section \<open>The Poincar\'e series as a finite sum of shifted products\<close>

text \<open>The shifted product \<open>X^n0 Y^d0 \<Prod>(i \<in> \<alpha>). (1 - X Y^f2(i))^-1\<close> for \<open>r = (\<alpha>, (n0, d0))\<close>.\<close>
definition shifted_geom_prod :: "(nat \<Rightarrow> nat) \<Rightarrow> nat set \<times> (int \<times> int) \<Rightarrow> lseries" where
  "shifted_geom_prod f2 r = (\<lambda>p. geom_prod f2 (fst r) (fst p - fst (snd r), snd p - snd (snd r)))"

lemma int_cone_mult: "int (cone_mult C a) = (\<Sum>cb\<leftarrow>C. if in_cone (fst cb) (snd cb) a then 1 else 0)"
  unfolding cone_mult_def by (induction C) auto

lemma sum_indicator_card: "finite A \<Longrightarrow> (\<Sum>a\<in>A. if P a then 1 else 0 :: int) = int (card {a\<in>A. P a})"
  by (simp add: sum.inter_filter[symmetric])

lemma sum_lessThan_as_list: "(\<Sum>t<n. g t) = (\<Sum>t\<leftarrow>[0..<n]. g t)"
proof -
  have "{..<n} = set [0..<n]" by auto
  then show ?thesis by (simp only: sum_set_upt_conv_sum_list_nat)
qed

lemma sum_atLeastAtMost_as_list: "(\<Sum>t\<in>{1..n}. g t) = (\<Sum>t\<leftarrow>[1..<Suc n]. g t)"
proof -
  have "{1..n} = set [1..<Suc n]" by auto
  then show ?thesis by (simp only: sum_set_upt_conv_sum_list_nat)
qed

lemma sum_list_map_concat: "(\<Sum>x\<leftarrow>concat xss. f x) = (\<Sum>xs\<leftarrow>xss. \<Sum>x\<leftarrow>xs. f x)"
  by (induction xss) auto

lemma sum_sum_list_swap: "(\<Sum>a\<in>A. \<Sum>x\<leftarrow>xs. g a x) = (\<Sum>x\<leftarrow>xs. \<Sum>a\<in>A. g a x)"
  by (induction xs) (auto simp: sum.distrib)

context bigraded_module_fl
begin

text \<open>The cone \<open>cb\<close> in the exponents of the \<open>j\<close>-th generator, as a shifted product: a cone
  direction \<open>i \<in> {0..<m}\<close> corresponds to the variable \<open>T_(i+1)\<close>.\<close>
definition cone_term :: "nat \<Rightarrow> nat list \<times> nat set \<Rightarrow> nat set \<times> (int \<times> int)" where
  "cone_term j cb = ((+) 1 ` snd cb, (fst (snd (hs ! j)) + int (sum_list (fst cb)),
                                     snd (snd (hs ! j)) + int (weighted_deg f2 1 (fst cb))))"

lemma cone_term_vars: "snd cb \<subseteq> {..<m} \<Longrightarrow> fst (cone_term j cb) \<subseteq> {1..m}"
  unfolding cone_term_def by auto

lemma cone_labels_count:
  assumes "j < length hs" "length (fst cb) = m" "snd cb \<subseteq> {..<m}"
  shows "(\<Sum>a\<in>{a. (j, a) \<in> labels_of_deg p}. if in_cone (fst cb) (snd cb) a then 1 else 0)
       = shifted_geom_prod f2 (cone_term j cb) p"
proof -
  have "{a. (j, a) \<in> labels_of_deg p} \<subseteq> snd ` labels_of_deg p" by force
  then have fin: "finite {a. (j, a) \<in> labels_of_deg p}"
    using finite_labels_of_deg finite_subset by blast
  have cone: "{a \<in> {a. (j, a) \<in> labels_of_deg p}. in_cone (fst cb) (snd cb) a} =
      {a. in_cone (fst cb) (snd cb) a \<and> int (sum_list a) = fst p - fst (snd (hs ! j))
          \<and> int (weighted_deg f2 1 a) = snd p - snd (snd (hs ! j))}"
    using in_cone_length[of "fst cb" "snd cb"] assms(1,2)
    by (auto simp: labels_of_deg_def labels_def label_deg_def prod_eq_iff)
  have "(\<Sum>a\<in>{a. (j, a) \<in> labels_of_deg p}. if in_cone (fst cb) (snd cb) a then 1 else 0)
      = int (card {a \<in> {a. (j, a) \<in> labels_of_deg p}. in_cone (fst cb) (snd cb) a})"
    by (rule sum_indicator_card[OF fin])
  also have "\<dots> = int (card {a. in_cone (fst cb) (snd cb) a \<and> int (sum_list a) = fst p - fst (snd (hs ! j))
                      \<and> int (weighted_deg f2 1 a) = snd p - snd (snd (hs ! j))})"
    by (simp only: cone)
  also have "\<dots> = shifted_geom_prod f2 (cone_term j cb) p"
    unfolding shifted_geom_prod_def cone_term_def using assms(2,3)
    by (subst cone_series) (auto simp: algebra_simps)
  finally show ?thesis .
qed

lemma component_len_cones:
  assumes CS: "\<And>j t. j < length hs \<Longrightarrow> stanley_decomp m (CS j t) (level_set j t)"
  shows "int (rel_len smul {0} (G p)) =
    (\<Sum>j<length hs. \<Sum>t\<in>{1..layer_len (j, replicate m 0)}. \<Sum>cb\<leftarrow>CS j t. shifted_geom_prod f2 (cone_term j cb) p)"
proof -
  define A where "A j = {a. (j, a) \<in> labels_of_deg p}" for j
  let ?ind = "\<lambda>a cb. if in_cone (fst cb) (snd cb) a then 1 else 0 :: int"
  have labels_Sigma: "labels_of_deg p = Sigma {..<length hs} A"
    unfolding labels_of_deg_def labels_def A_def by auto
  have fin_A: "finite (A j)" for j
  proof -
    have "A j \<subseteq> snd ` labels_of_deg p" unfolding A_def by force
    then show ?thesis using finite_labels_of_deg finite_subset by blast
  qed
  have "int (rel_len smul {0} (G p)) = (\<Sum>q\<in>labels_of_deg p. int (layer_len q))"
    using component_len_sum[OF fin_len[rule_format, of p]] by simp
  also have "\<dots> = (\<Sum>j<length hs. \<Sum>a\<in>A j. int (layer_len (j, a)))"
    unfolding labels_Sigma by (subst sum.Sigma) (auto simp: fin_A)
  also have "\<dots> = (\<Sum>j<length hs. \<Sum>a\<in>A j. \<Sum>t\<in>{1..layer_len (j, replicate m 0)}. \<Sum>cb\<leftarrow>CS j t. ?ind a cb)"
  proof (intro sum.cong refl)
    fix j a assume j: "j \<in> {..<length hs}" and a: "a \<in> A j"
    then have ja: "(j, a) \<in> labels" by (simp add: A_def labels_of_deg_def)
    then have "int (cone_mult (CS j t) a) = (if a \<in> level_set j t then 1 else 0)" for t
      using CS[of j t] j unfolding stanley_decomp_def by (simp add: labels_def)
    then show "int (layer_len (j, a)) = (\<Sum>t\<in>{1..layer_len (j, replicate m 0)}. \<Sum>cb\<leftarrow>CS j t. ?ind a cb)"
      using layer_len_levels[OF ja] by (simp add: int_cone_mult)
  qed
  also have "\<dots> = (\<Sum>j<length hs. \<Sum>t\<in>{1..layer_len (j, replicate m 0)}. \<Sum>cb\<leftarrow>CS j t. \<Sum>a\<in>A j. ?ind a cb)"
  proof (intro sum.cong refl)
    fix j
    show "(\<Sum>a\<in>A j. \<Sum>t\<in>{1..layer_len (j, replicate m 0)}. \<Sum>cb\<leftarrow>CS j t. ?ind a cb) =
        (\<Sum>t\<in>{1..layer_len (j, replicate m 0)}. \<Sum>cb\<leftarrow>CS j t. \<Sum>a\<in>A j. ?ind a cb)"
      by (subst sum.swap) (simp add: sum_sum_list_swap)
  qed
  also have "\<dots> = (\<Sum>j<length hs. \<Sum>t\<in>{1..layer_len (j, replicate m 0)}. \<Sum>cb\<leftarrow>CS j t.
      shifted_geom_prod f2 (cone_term j cb) p)"
  proof (intro sum.cong refl arg_cong[where f = sum_list] map_cong)
    fix j t cb assume "j \<in> {..<length hs}" "cb \<in> set (CS j t)"
    then show "(\<Sum>a\<in>A j. ?ind a cb) = shifted_geom_prod f2 (cone_term j cb) p"
      unfolding A_def using CS[of j t] by (intro cone_labels_count) (auto simp: stanley_decomp_def)
  qed
  finally show ?thesis .
qed

lemma nonzero_module_positive_len:
  assumes "\<exists>x::'b. x \<noteq> 0"
  shows "\<exists>p. 1 \<le> rel_len smul {0} (G p)"
  using assms nonzero_component rel_len_nonzero G_subspace fin_len by blast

→ **EXERCISE PROMPT**: A complete answer gives every line of the records holding "induction".

→ **REPLY TO THE TASK**:
  unfolding cone_mult_def by (induction C) auto
  by (induction xss) auto
  by (induction xs) (auto simp: sum.distrib)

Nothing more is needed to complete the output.